While rolling forecasts in the strictest sense can sometimes prove cumbersome, similar approaches (e.g., monthly reforecasting but adding a new quarter every 3 months) can still ensure a meaningful time horizon is always covered.

 

What makes a good forecasting process?

Efficient, fast and frequent

Your forecasting process should be as efficient as possible, allowing your forecasts to be produced quickly and frequently (as well as being cost-effective). In terms of speed, forecasting in 2-5 days or less is generally good practice. However, that’s not the case for many, with APQC reporting a median time of 16 days and AFP reporting only 8 percent of FP&A teams can reforecast easily. Quarterly or monthly frequency is likely to suffice in many cases, though specific elements such as sales or cash might be updated more frequently as appropriate. Regardless, the process should be as efficient as possible to allow updates whenever required.

FP&A teams typically spend 46 percent of their time manually collecting, combining, cleaning and manipulating data. Largely focused on obtaining actuals (e.g. for metrics which may not be in the general ledger/ERP), this is often exacerbated by poor integration between operational and financial data. Finance teams should aim to eliminate this task, so that actual data is readily available or generated automatically – effective data governance across the organisation is therefore a key enabler and this is a higher priority in lager organisations with more data 

Similarly, the process of producing the forecast should be as streamlined as possible. A clear, standardised process for updating the forecast (aligned with the business), can help achieve this (including policies on eliminating low level adjustments). For larger organisations, APQC recommends using a centralised support team to handle the routine/transactional elements. While Excel is the most used forecasting tool and may be appropriate for smaller organisations, when multiple stakeholders and/or FP&A team members become involved or when large data volumes are involved, other systems/methods such as cloud planning tools (or even building models in Python/SQL) should be considered.

Given the data and modelling skills demanded, this is a key area where FP&A may need to hire specialist skills into the team and/or collaborate closely with technology / data functions.

 

Unbiased and automated

Forecasts should provide an honest and unbiased view of direction based on current plans and should be independent of budgets/targets. One view of best practice is using an automated (naïve) forecast as the starting point for the forecast process. This ‘automated first draft’ can be used for discussions with stakeholders, adjustments to the forecast being captured along the way and allowing more time for value adding conversations.

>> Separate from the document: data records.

theorem proposition2:
  fixes T :: "real \<Rightarrow> real" and l N :: nat and Lam :: "nat \<Rightarrow> nat" and a :: "nat \<Rightarrow> real"
    and U :: "complex mat" and X :: "real set"
  assumes "N > 0"
    and "condition1 T l Lam a"
    and "\<forall>j\<le>l. a j \<in> grid N"
    and "quantization T N U"
    and "grid_union N X"
    and "grid_union N (preim T X)"
  shows "the (mat_inverse U) * proj N X * U = proj N (preim T X)"
proof -
  have U: "U \<in> carrier_mat N N" "unitary_mat U"
    and B: "\<And>i j. i < N \<Longrightarrow> j < N \<Longrightarrow> Bmat T N j i = (cmod (U $$ (i, j)))\<^sup>2"
    using assms(4) unfolding quantization_def by auto
  let ?d = "\<lambda>i. if open_cell N i \<subseteq> X then 1 else 0 :: complex"
  let ?e = "\<lambda>k. if open_cell N k \<subseteq> preim T X then 1 else 0 :: complex"
  have "proj N X * U = U * proj N (preim T X)"
  proof (rule diagonal_mult_commute[OF U(1) proj_carrier_mat _ proj_carrier_mat, of _ ?d _ ?e])
    fix i k assume "i < N" "k < N" "U $$ (i, k) \<noteq> 0"
    then have "Bmat T N k i \<noteq> 0" using B by simp
    then show "?d i = ?e k"
      using Bmat_nonzero_imp_open_cell_subset_iff[OF assms(1,2,5,6)] by simp
  qed (auto simp: index_proj_grid_union assms(1,5,6))
  moreover obtain V where "mat_inverse U = Some V" "V * U = 1\<^sub>m N" "V \<in> carrier_mat N N"
    using unitary_mat_inverse[OF U] .
  ultimately show ?thesis
    using conjugate_by_left_inverse[OF _ U(1) proj_carrier_mat proj_carrier_mat] by simp
qed

end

CIMA found this to be effective in de-biasing stakeholder input and facilitating more efficient and productive conversations. For instance, in order to justify deviations from the automated forecast, stakeholders were prompted to think through how they would achieve those results. Issues were also uncovered earlier, giving the company more time to act. However, there was still a need for leveraging local knowledge about extraordinary events and structural changes, and incorporating recent and tacit information.

A best-in-class solution would even allow multiple models (including machine learning-based) to be evaluated for best fit and automatically improved over time. As well as achieving dramatic cost savings, reforecasts in minutes rather than days, and enabling better decisions, these forecasts often prove more accurate than those incorporating stakeholder judgement.

While requiring technical skills that not every FP&A team possesses (and might not be realistic for smaller organisations), various companies have already automated their forecasts (including the 2 studied by CIMA, Microsoft, and indeed some banks were prompted to develop the capability to meet needs for rapid stress-testing scenarios). This approach would most suit larger organisations that have their data in order, and is likely to become increasingly common as the relevant technology and skills increase in availability.